This article was produced with the support of United Nations Economic Commission for Africa (ECA)
With climate change accelerating and climate-linked disasters increasing, countries around the world are racing to build resilient infrastructure. However, African countries, already facing debt crises, are only able to attract a fraction of the financing they require.
Speakers at a roundtable discussion on the sidelines of the ECA’s COM2025 said that Africa could utilise some innovative funding instruments to access the required investments.
Joseph Intsiful, Senior Climate Information and Early Warning Systems Specialist at the Green Climate Fund, said green bonds and sustainability-linked bonds are gaining traction as viable instruments to drive climate investment.
Ntsiful pointed to successful examples across the continent, such as South Africa’s first sovereign green bond launched in 2023. “The government used $200 million in green bonds to finance renewable energy and climate-resilient projects,” he noted.
Similarly, Morocco’s green bond initiative has bolstered the Noor Ouarzazate solar complex, one of the largest in the world.

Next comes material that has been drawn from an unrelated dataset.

(* For every $\epsilon\in(0,1)$ there exists a positive integer $K=K(\epsilon)$ such that for every pair $\vec f=(f,g)\in F\times F$ and every $n>0$ there is a measurable set $S\subseteq\Omega^\infty$ with $f(S)\ge1-\epsilon$ (where $f$ is the measure induced by $\vec f$) such that every $\omega\in S$ satisfies at least one of the following: (1) $\vec f$ is $\epsilon$-close along $\omega$ at all but at most $K$ periods $t\in\{1,\dots,n\}$; or (2) $\omega\in L^{\vec f}_{\mathcal D,1-\epsilon}$, and moreover $|\mathcal D_t(\omega,\vec f)-\mathcal D_n(\omega,\vec f)|<\epsilon$ for all $t\ge n$.
   Context: Let $\Omega=\{0,1\}$, $\Omega^\infty$ the set of infinite sequences $\omega=(\omega_1,\omega_2,\dots)$, and $\omega^t=(\omega_1,\dots,\omega_t)$ (also used for the cylinder set of all sequences with this prefix; $\omega^0=\emptyset$). $\mathcal G_t$ is the $\sigma$-algebra generated by the length-$t$ cylinders and $\mathcal G_\infty$ the $\sigma$-algebra generated by all cylinders. $\Delta(\Omega)$ is the set of probability distributions on $\Omega$; for $p\in\Delta(\Omega)$ and $x\in\Omega$, $p[x]$ is the probability of $x$. A forecasting strategy is a map $f:\bigcup_{t\ge0}(\Omega\times\Delta(\Omega)\times\Delta(\Omega))^t\to\Delta(\Omega)$; $F$ is the set of all forecasting strategies. Given an ordered pair $\vec f=(f,g)\in F\times F$ and $\omega\in\Omega^\infty$, the play path $(\omega,\vec f)$ is defined recursively: $(\omega,\vec f)^0=\emptyset$ and its $t$-th entry is $(\omega_t,f((\omega,\vec f)^{t-1}),g((\omega,\vec f)^{t-1}))$, where $(\omega,\vec f)^t$ is its prefix of length $t$. The pair $\vec f$ induces two probability measures on $(\Omega^\infty,\mathcal G_\infty)$, again denoted $f$ and $g$, determined by $f(\omega^t)=\prod_{n=1}^t f((\omega,\vec f)^{n-1})[\omega_n]$ and $g(\omega^t)=\prod_{n=1}^t g((\omega,\vec f)^{n-1})[\omega_n]$. The finite derivative test $\mathcal D$: for $t\ge0$, $\mathcal D_{t+1}(\omega,\vec f)=\frac{f(\omega^t)}{f(\omega^t)+g(\omega^t)}$ if $f(\omega^t)>0$ or $g(\omega^t)>0$, and $\frac12$ otherwise. For a test $T$, $T(\omega,\vec f)=\lim_tT_t(\omega,\vec f)$ when it exists, and $L^{\vec f}_{T,\epsilon}=\{\omega:T(\omega,\vec f)\text{ exists and }>\epsilon\}$. The pair $\vec f$ is $\epsilon$-close along $\omega$ at period $t>0$ if $|f((\omega,\vec f)^{t-1})[\omega_t]-g((\omega,\vec f)^{t-1})[\omega_t]|<\epsilon$. *)

theory Defs
  imports "HOL-Probability.Probability"
begin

Beyond green bonds, public-private partnerships are playing a crucial role in mobilizing climate finance and risk-sharing. “Public service sector partnerships are critical in terms of mobilizing climate finance and enabling other parties, particularly the private sector, to participate in this very important resource mobilization,” Ntsiful explained.
Reflecting on the role of debt swaps, Jean-Paul Adam, Director for Policy, Monitoring and Advocacy in the Office of the Special Advisor on Africa to the United Nations Secretary General, cautioned that while they provide some relief, they are not a substitute for full debt restructuring in cases where countries are in financial distress.
However, debt swaps do hold promise for creating fiscal space, particularly in African nations struggling with high debt servicing costs.
“The opportunity to improve your fiscal space is key because the cost of servicing debt, particularly in African countries, whether they are middle-income or low-income, has dramatically increased in recent years. And this is linked to the problem of the cost of capital,” he said.
Adam stressed that for debt swaps to be truly effective, they must benefit vulnerable communities rather than serving narrow interests.